CLDN18.2 manifests predominantly in gastric cancers (GC), gastroesophageal junction cancers (GEJC), pancreatic cancers (PC), and a spectrum of other solid tumors. Both GC and GEJC represent formidable clinical challenges, registering over a million new cases annually worldwide and culminating in 770,000 fatalities. This places them as the fourth leading cause of cancer-related deaths globally. Spearheaded by SparX, SPX-101 embodies a pinnacle of molecular engineering, stemming from SparX's sophisticated SAILINGTM discovery platform.

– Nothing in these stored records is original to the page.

text \<open>Fourier coefficients of the (mild) solution y(t;u,y0) of
  y_t - \<Delta>y = \<chi>_\<omega> u, y = 0 on \<partial>\<Omega>, y(0) = y0:
  <y(t),\<xi>_i> = e^{-lam_i t}<y0,\<xi>_i> + \<integral>_0^t e^{-lam_i (t-s)} <\<chi>_\<omega> u(s), \<xi>_i> ds.\<close>
definition heat_coeff :: "(real^'n) set \<Rightarrow> (real^'n) set \<Rightarrow> (nat \<Rightarrow> real^'n \<Rightarrow> real) \<Rightarrow> (nat \<Rightarrow> real)
     \<Rightarrow> (real \<Rightarrow> real^'n \<Rightarrow> real) \<Rightarrow> (real^'n \<Rightarrow> real) \<Rightarrow> real \<Rightarrow> nat \<Rightarrow> real" where
  "heat_coeff \<Omega> \<omega> \<xi> lam u y0 t i =
     exp (- lam i * t) * l2_inner \<Omega> y0 (\<xi> i) +
     (LINT s:{0..t}|lborel. exp (- lam i * (t - s)) * l2_inner \<Omega> (\<lambda>x. indicator \<omega> x * u s x) (\<xi> i))"

definition state_in_S :: "(real^'n) set \<Rightarrow> (real^'n) set \<Rightarrow> (nat \<Rightarrow> real^'n \<Rightarrow> real) \<Rightarrow> (nat \<Rightarrow> real)
     \<Rightarrow> nat \<Rightarrow> (real \<Rightarrow> real^'n \<Rightarrow> real) \<Rightarrow> (real^'n \<Rightarrow> real) \<Rightarrow> real \<Rightarrow> bool" where
  "state_in_S \<Omega> \<omega> \<xi> lam m u y0 t \<longleftrightarrow> (\<forall>i\<in>{1..m}. heat_coeff \<Omega> \<omega> \<xi> lam u y0 t i = 0)"

definition reach_times :: "(real^'n) set \<Rightarrow> (real^'n) set \<Rightarrow> (nat \<Rightarrow> real^'n \<Rightarrow> real) \<Rightarrow> (nat \<Rightarrow> real)
     \<Rightarrow> nat \<Rightarrow> nat \<Rightarrow> (nat \<Rightarrow> real) \<Rightarrow> (real^'n \<Rightarrow> real) \<Rightarrow> real set" where
  "reach_times \<Omega> \<omega> \<xi> lam k m abar y0 =
     {t. t \<ge> 0 \<and> (\<exists>u\<in>U_set \<xi> k abar. state_in_S \<Omega> \<omega> \<xi> lam m u y0 t)}"

definition optimal_control :: "(real^'n) set \<Rightarrow> (real^'n) set \<Rightarrow> (nat \<Rightarrow> real^'n \<Rightarrow> real) \<Rightarrow> (nat \<Rightarrow> real)
     \<Rightarrow> nat \<Rightarrow> nat \<Rightarrow> (nat \<Rightarrow> real) \<Rightarrow> (real^'n \<Rightarrow> real) \<Rightarrow> (real \<Rightarrow> real^'n \<Rightarrow> real) \<Rightarrow> bool" where
  "optimal_control \<Omega> \<omega> \<xi> lam k m abar y0 u \<longleftrightarrow>
     u \<in> U_set \<xi> k abar \<and> reach_times \<Omega> \<omega> \<xi> lam k m abar y0 \<noteq> {} \<and>
     state_in_S \<Omega> \<omega> \<xi> lam m u y0 (Inf (reach_times \<Omega> \<omega> \<xi> lam k m abar y0))"

definition has_optimal_controls :: "(real^'n) set \<Rightarrow> (real^'n) set \<Rightarrow> (nat \<Rightarrow> real^'n \<Rightarrow> real) \<Rightarrow> (nat \<Rightarrow> real)
     \<Rightarrow> nat \<Rightarrow> nat \<Rightarrow> (real^'n \<Rightarrow> real) \<Rightarrow> bool" where
  "has_optimal_controls \<Omega> \<omega> \<xi> lam k m y0 \<longleftrightarrow>
     (\<forall>abar. (\<forall>i\<in>{1..k}. abar i > 0) \<longrightarrow> (\<exists>u. optimal_control \<Omega> \<omega> \<xi> lam k m abar y0 u))"

end

theory Submission imports Defs begin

This mAb is designed for optimized therapeutic efficacy, offering the potential to be recognized as a best-in-class molecular entity targeting claudin 18.2.
Expounding on the cellular dynamics, Invariant Natural Killer T (iNKT) cells are a specialized T cell subset known for recognizing lipid antigens via the CD1d molecule. These cells possess inherent attributes like tissue infiltration capabilities, counteracting tumor-promoting cells such as myeloid-derived suppressor cells (MDSCs) and tumor-associated macrophages (TAMs), and orchestrating a robust immune response by recruiting auxiliary immune cells against tumor sites. The pathological architecture of tumor development often exposes the CLDN18.2, rendering it accessible to novel treatments such as CAR-iNKT cell therapies. Preliminary clinical findings indicate that iNKT cell therapies might proffer a superior safety profile relative to alternative T cell therapies, notably displaying a reduced propensity for cytokine release syndrome, a prevalent and potential adverse reaction observed in certain cell therapies.